I treat gluten like a celiac, even during the holidays. But I'm making ice cream with raw heavy cream, egg yolks, vanilla, and stevia. Also a chocolate and a cherry almond version.
I think if you have a level head about you and can get back on the diet after the holidays, then just enjoy the Xmas parties and dinner with family and friends. The problem comes with the food forward issue of the more junk you eat the more you crave it.
I've been treating myself here and there, but I don't eat every Xmas cookie that comes across my face! I try to stick to the homemade stuff then the store bought, especially things like eggnog.
Things are going great. We just had some people over for dinner and served them a paleo meal and we made paleo-ish treats( coconut/ dark chocolate macaroons) and a pear cobbler with almond crust for dessert. While the cobbler and treats are not normally on our diet..we stayed away from grains and refined sugar so I feel good about it.
I didn't do too well at Thanksgiving. I had to give myself a B-.
My family has three Christmas dinners coming up this weekend. I'll eat very little this week and try focus on meat and veggies over the weekend. I'm making a roasted veggie medley. My family knows I'm loosing weight and won't push anything on me, so I am my own worst enemy.

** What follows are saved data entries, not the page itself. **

lemma psi_least_candidate:
  assumes "F \<in> \<Sigma> - \<Sigma>'"
  shows "psi V Rs F \<in> psi_candidates V Rs F"
    "\<forall>x\<in>psi_candidates V Rs F. (psi V Rs F, x) \<in> last_order"
proof -
  have "F \<subseteq> V" using assms by (simp add: supremum_section_def)
  then have "psi_candidates V Rs F \<noteq> {}"
    using assms nonempty_if_not_in_\<Sigma>' not_in_\<Sigma>'_iff_psi_candidates_nonempty by blast
  moreover have "psi_candidates V Rs F \<subseteq> V" by (auto simp: psi_candidates_def)
  ultimately show "psi V Rs F \<in> psi_candidates V Rs F"
    "\<forall>x\<in>psi_candidates V Rs F. (psi V Rs F, x) \<in> last_order"
    unfolding psi_eq_min_in_psi_candidates
    using min_in_least[OF linear_last_order] finite_subset[OF _ finite_V] by blast+
qed

lemma max_in_initial_order:
  assumes "F \<in> \<Sigma> - \<Sigma>'" "i < length Rs - 1"
  shows "max_in (Rs ! i) F \<in> F" "\<forall>f\<in>F. (f, max_in (Rs ! i) F) \<in> Rs ! i"
    "strict_in (Rs ! i) (psi V Rs F) (max_in (Rs ! i) F)"
proof -
  have "F \<subseteq> V" using assms(1) by (simp add: supremum_section_def)
  moreover have "F \<noteq> {}" using assms nonempty_if_not_in_\<Sigma>' calculation by auto
  ultimately show "max_in (Rs ! i) F \<in> F" "\<forall>f\<in>F. (f, max_in (Rs ! i) F) \<in> Rs ! i"
    using max_in_greatest[of V "Rs ! i" F] linear[of i] assms(2) finite_subset[OF _ finite_V]
    by auto
  show "strict_in (Rs ! i) (psi V Rs F) (max_in (Rs ! i) F)"
    using psi_least_candidate(1)[OF assms(1)] assms(2) by (simp add: psi_candidates_def)
qed

lemma psi_candidates_between:
  assumes "F \<in> \<Sigma> - \<Sigma>'" "F - {psi V Rs F} \<subseteq> G" "G \<subseteq> insert (psi V Rs F) F"
  shows "psi_candidates V Rs G = psi_candidates V Rs F"
proof (rule psi_candidates_cong)
  fix i assume i: "i < length Rs - 1"
  have "linear_order_on V (Rs ! i)" using i linear by simp
  then show "max_in (Rs ! i) G = max_in (Rs ! i) F"
    using max_in_initial_order[OF assms(1) i] assms(2,3)
    by (intro max_in_eqI) (auto simp: strict_in_def)
qed

lemma insert_psi_in_\<Sigma>:
  assumes "F \<in> \<Sigma> - \<Sigma>'"
  shows "insert (psi V Rs F) F \<in> \<Sigma>"
  unfolding supremum_section_def
proof (intro CollectI conjI ballI)
  have FV: "F \<subseteq> V" using assms by (simp add: supremum_section_def)
  then show "insert (psi V Rs F) F \<subseteq> V"
    using psi_least_candidate(1)[OF assms] by (auto simp: psi_candidates_def)
  fix v assume v: "v \<in> V"
  show "dominates_rep Rs v (insert (psi V Rs F) F)"
  proof (cases "v \<in> psi_candidates V Rs F")
    case True
    then have "dominates_in last_order v (insert (psi V Rs F) F)"
      using psi_candidate_dominates_last_order[OF assms] psi_least_candidate(2)[OF assms]
      by (simp add: dominates_in_def)
    then show ?thesis using dominates_rep_take_butlast[OF Rs_nonempty] by blast
  next
    case False
    then have "dominates_rep Rs' v F"
      using v FV assms nonempty_if_not_in_\<Sigma>' psi_candidates_eq_not_dominating[of F] by blast
    then obtain i where i: "i < length Rs - 1" "dominates_in (Rs ! i) v F"
      by (auto simp: dominates_rep_take_iff)
    note max = max_in_initial_order[OF assms i(1)]
    have "(max_in (Rs ! i) F, v) \<in> Rs ! i" using i(2) max(1) by (simp add: dominates_in_def)
    then have "dominates_in (Rs ! i) v (insert (psi V Rs F) F)"
      using i(2) max(3) linear_order_on_trans[OF linear[of i]] i(1)
      by (auto simp: dominates_in_def strict_in_def)
    then show ?thesis
      using i(1) dominates_rep_take_butlast[OF Rs_nonempty] by (auto simp: dominates_rep_take_iff)
  qed
qed

lemma psi_between_in_\<Sigma>_minus_\<Sigma>':
  assumes "F \<in> \<Sigma> - \<Sigma>'" "F - {psi V Rs F} \<subseteq> G" "G \<subseteq> insert (psi V Rs F) F"
  shows "G \<in> \<Sigma> - \<Sigma>'" "psi V Rs G = psi V Rs F"
proof -
  have GV: "G \<subseteq> V"
    using assms(3) insert_psi_in_\<Sigma>[OF assms(1)] by (auto simp: supremum_section_def)
  have "G \<noteq> {}" if "1 < length Rs"
    using max_in_initial_order[OF assms(1), of 0] assms(2) that by (auto simp: strict_in_def)
  then have "G \<notin> \<Sigma>'"
    using psi_least_candidate(1)[OF assms(1)] not_in_\<Sigma>'_iff_psi_candidates_nonempty[OF GV]
      psi_candidates_between[OF assms] by auto
  then show "G \<in> \<Sigma> - \<Sigma>'"
    using supremum_section_subset[OF insert_psi_in_\<Sigma>[OF assms(1)] assms(3)] by blast
  show "psi V Rs G = psi V Rs F"
    using psi_candidates_between[OF assms] by (simp add: psi_eq_min_in_psi_candidates)
qed

lemma strict_in_last_order_psi:
  assumes "F \<in> \<Sigma> - \<Sigma>'" "psi V Rs F \<notin> F" "f \<in> F"
  shows "strict_in last_order f (psi V Rs F)"
  using psi_candidate_dominates_last_order[OF assms(1) psi_least_candidate(1)[OF assms(1)]] assms(2,3)
  by (auto simp: dominates_in_def strict_in_def)

end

Coming from a binge eating background, that was usually triggered by stress, I AM DOING PHENOMENAL. No binges. I have full faith in my ability to avoid them now, which is new for me. I've sampled a Christmas cookie or two (but managed not to eat a dozen!). I ate completely Paleo at my company's annual award ceremony. I kind of pick and choose my battles. I used to eat something "bad" and let it roll into a bad day, then a bad weekend, then a bad month. Now, I am much better at keeping the cheats to sporadic and not letting them affect me emotionally. I usually try and make it out of December maintaining my weight. It's much less stressful for me than trying to be perfect.
I do plan on trying to go completely gluten/dairy free in January to see if it makes a difference. I have always been the type that if something was worth doing - it was worth doing RIGHT NOW, but I had to also be honest with myself that December was just not the right time to try something like that. Not if I wanted to be a part of my family traditions without causing more stress for myself. So, January it is!
Um, I'm kinda looking at baking-porn a lot. And in particular, trying not to be too disturbed by the fact that I keep looking at all these pictures of cookies. And reading cookie recipes. And lingering near magazines at the store that have pictures of Christmas cookies on the cover. And trying to figure out how many of the cookie recipes I can convert to Paleo cookie recipes (almost none as far as I can figure). BUT- ( and here's the kind of strong but sicko part) I HAVE NOT EATEN A SINGLE COOKIE, BECAUSE I AM A TRUE COOKIE-HOLIC, and even one cookie will shove me to the bottom of the slippery cookie slope.
So not gonna do it. Not gonna eat a single cookie this Christmas. Paleo has been too good to me.
BUT I CAN'T QUIT YOU COOKIES. At least not pictures of you.